На страстной неделе, теплой апрельской ночью, талая вода прорвала земляную плотину огнищанского пруда. Уже лет десять за плотиной никто не смотрел, ее устои давно подгнили, хворостяные щиты обломались, свалились на илистое дно. Поэтому напор большой воды легко прорвал смешанную с навозом землю, и мутный поток весело и шумно устремился в пробоину.
Дед Левон Шелюгин первый почуял недоброе. Возвращаясь из церкви, он тихонько брел по вязкой, непросохшей дороге, присел отдохнуть у кладбищенского плетня и вдруг услышал в ночной тишине звонкое журчание воды.

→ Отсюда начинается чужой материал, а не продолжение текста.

lemma phiP_eqI:
  assumes "\<And>m. m \<in> P \<Longrightarrow> c \<le> n \<bullet> m" "m0 \<in> P" "n \<bullet> m0 = c"
  shows "- phiP P n = c"
proof -
  have "(INF m\<in>P. n \<bullet> m) \<le> c" using assms(2,3) bdd_below_inner_image by (metis cINF_lower)
  moreover have "c \<le> (INF m\<in>P. n \<bullet> m)" using assms(1) P_nonempty by (simp add: cINF_greatest)
  ultimately show ?thesis unfolding phiP_def by simp
qed

lemma phiP_less_interior:
  assumes "m \<in> interior P" "n \<noteq> 0"
  shows "- phiP P n < n \<bullet> m"
proof (rule ccontr)
  assume "\<not> - phiP P n < n \<bullet> m"
  then have "n \<bullet> m \<le> n \<bullet> y" if "y \<in> P" for y using phiP_le[OF that, of n] by linarith
  then have "n = 0" by (rule interior_min_inner_imp_zero[OF assms(1)])
  then show False using assms(2) by simp
qed

lemma facet_normal_lattice_pt:
  assumes "n \<in> facet_normals P"
  shows "n \<in> lattice_pts" "n \<noteq> 0"
  using assms by (auto simp: facet_normals_def inward_normal_def primitive_vec_def)

lemma phiP_facet_normal_Ints:
  assumes "n \<in> facet_normals P"
  shows "phiP P n \<in> \<int>"
proof -
  obtain \<tau> where \<tau>: "\<tau> facet_of P" "inward_normal P \<tau> n"
    using assms codim1_face_iff_facet_of by (auto simp: facet_normals_def)
  obtain S where S: "S \<subseteq> lattice_pts" "\<tau> = convex hull S"
    using face_convex_hull_lattice_pts[OF facet_of_imp_face_of[OF \<tau>(1)]] by blast
  then obtain w where "w \<in> S" using \<tau>(1) by (auto simp: facet_of_def)
  then have "w \<in> \<tau>" unfolding S(2) by (rule hull_inc)
  then have "phiP P n = - (n \<bullet> w)" using \<tau>(2) by (auto simp: inward_normal_def)
  then show ?thesis using inner_lattice_pts_Ints facet_normal_lattice_pt[OF assms] S(1) \<open>w \<in> S\<close> by auto
qed

lemma lattice_distance_ge_1:
  assumes "n \<in> facet_normals P" "m \<in> interior P" "m \<in> lattice_pts"
  shows "1 \<le> n \<bullet> m + phiP P n"
  using Ints_less_imp_add_1_le[of "- phiP P n" "n \<bullet> m"] phiP_less_interior[OF assms(2)]
    facet_normal_lattice_pt[OF assms(1)] phiP_facet_normal_Ints[OF assms(1)]
    inner_lattice_pts_Ints[of n m] assms(3) by auto

text \<open>A facet is the hull of lattice points spanning a hyperplane, so Siegel's lemma yields a
  nonzero lattice vector orthogonal to it.\<close>
lemma facet_orthogonal_lattice_vector:
  assumes G: "G facet_of P"
  obtains n0 c where "n0 \<in> lattice_pts" "n0 \<noteq> 0" "affine hull G \<subseteq> {x. n0 \<bullet> x = c}"
proof -
  obtain S where S: "S \<subseteq> lattice_pts" "finite S" "G = convex hull S"
    by (rule face_convex_hull_lattice_pts[OF facet_of_imp_face_of[OF G]])
  have "S \<noteq> {}" using G unfolding S(3) by (auto simp: facet_of_def)
  then obtain w0 where w0: "w0 \<in> S" by blast
  define U where "U = (\<lambda>w. w - w0) ` S"
  have U: "U \<subseteq> lattice_pts" "finite U"
    using S(1,2) w0 by (auto simp: U_def intro: lattice_pts_diff)
  have "aff_dim S = int (dim U)"
    unfolding U_def by (rule aff_dim_eq_dim_subtract) (rule hull_inc[OF w0])
  moreover have "aff_dim G = int CARD('n) - 1" using G aff_dim_P by (simp add: facet_of_def)
  ultimately have "dim U = CARD('n) - 1" using S(3) by (simp add: aff_dim_convex_hull)
  moreover obtain B where B: "B \<subseteq> U" "independent B" "U \<subseteq> span B" "card B = dim U"
    by (rule basis_exists)
  ultimately have "card B < CARD('n)" by simp
  moreover have "finite B" "B \<subseteq> lattice_pts" using B(1) U finite_subset by auto
  ultimately obtain n0 where n0: "n0 \<in> lattice_pts" "n0 \<noteq> 0" "\<And>u. u \<in> B \<Longrightarrow> u \<bullet> n0 = 0"
    using lattice_orthogonal_exists by blast
  have "n0 \<bullet> u = 0" if "u \<in> U" for u
    using orthogonal_to_span[of u B n0] B(3) n0(3) that by (auto simp: orthogonal_def inner_commute)
  then have "n0 \<bullet> x = n0 \<bullet> w0" if "x \<in> S" for x
    using that by (force simp: U_def inner_diff_right)
  then have "S \<subseteq> {x. n0 \<bullet> x = n0 \<bullet> w0}" by blast
  then have "affine hull S \<subseteq> {x. n0 \<bullet> x = n0 \<bullet> w0}" by (simp add: hull_minimal affine_hyperplane)
  moreover have "affine hull G = affine hull S" unfolding S(3) by (rule affine_hull_convex_hull)
  ultimately show thesis using that n0(1,2) by auto
qed

lemma facet_lattice_normal:
  assumes G: "G facet_of P" and a: "a \<noteq> 0" "G = P \<inter> {x. a \<bullet> x = b}"
  obtains n0 where "n0 \<in> lattice_pts" "n0 \<noteq> 0" "n0 = ((n0 \<bullet> a) / (a \<bullet> a)) *\<^sub>R a"
proof -
  obtain n0 c where n0: "n0 \<in> lattice_pts" "n0 \<noteq> 0" "affine hull G \<subseteq> {x. n0 \<bullet> x = c}"
    by (rule facet_orthogonal_lattice_vector[OF G])
  have "affine hull G = {x. a \<bullet> x = b}"
  proof (rule affine_dim_equal)
    show "affine hull G \<subseteq> {x. a \<bullet> x = b}" using a(2) by (simp add: hull_minimal affine_hyperplane)
    have "aff_dim G = int CARD('n) - 1" using G aff_dim_P by (simp add: facet_of_def)
    then show "aff_dim (affine hull G) = aff_dim {x. a \<bullet> x = b}" using a(1) by simp
  qed (use G in \<open>auto simp: facet_of_def affine_hyperplane\<close>)
  then have "n0 = ((n0 \<bullet> a) / (a \<bullet> a)) *\<^sub>R a"
    using n0(3) by (intro hyperplane_normal_parallel[OF a(1)]) blast
  then show thesis using that n0(1,2) by blast
qed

«Чего ж это такое? — подумал дед Левон. — Может, плотину, не дай господь, прорвало?»
Склонив голову, он прислушался. Шум воды усилился.
— Так и есть! — пробормотал испуганный дед Левон. — Скажи ты, беда какая! Надо бечь будить народ!
Припадая на ногу, он доковылял до крайней хаты Луки Сибирного, застучал костылем в дверь.
— Чего там такое? — отозвался сонный голос Луки.
— Вставай, милостивец, буди сынов да людей скликай! — слезливо запричитал дед Левон. — Там плотину прорвало, вода аж гудит…
Уставший за день Лука вздохнул:
— Иди поднимай Акима Турчака и Шабровых. Я сейчас оденусь и выйду.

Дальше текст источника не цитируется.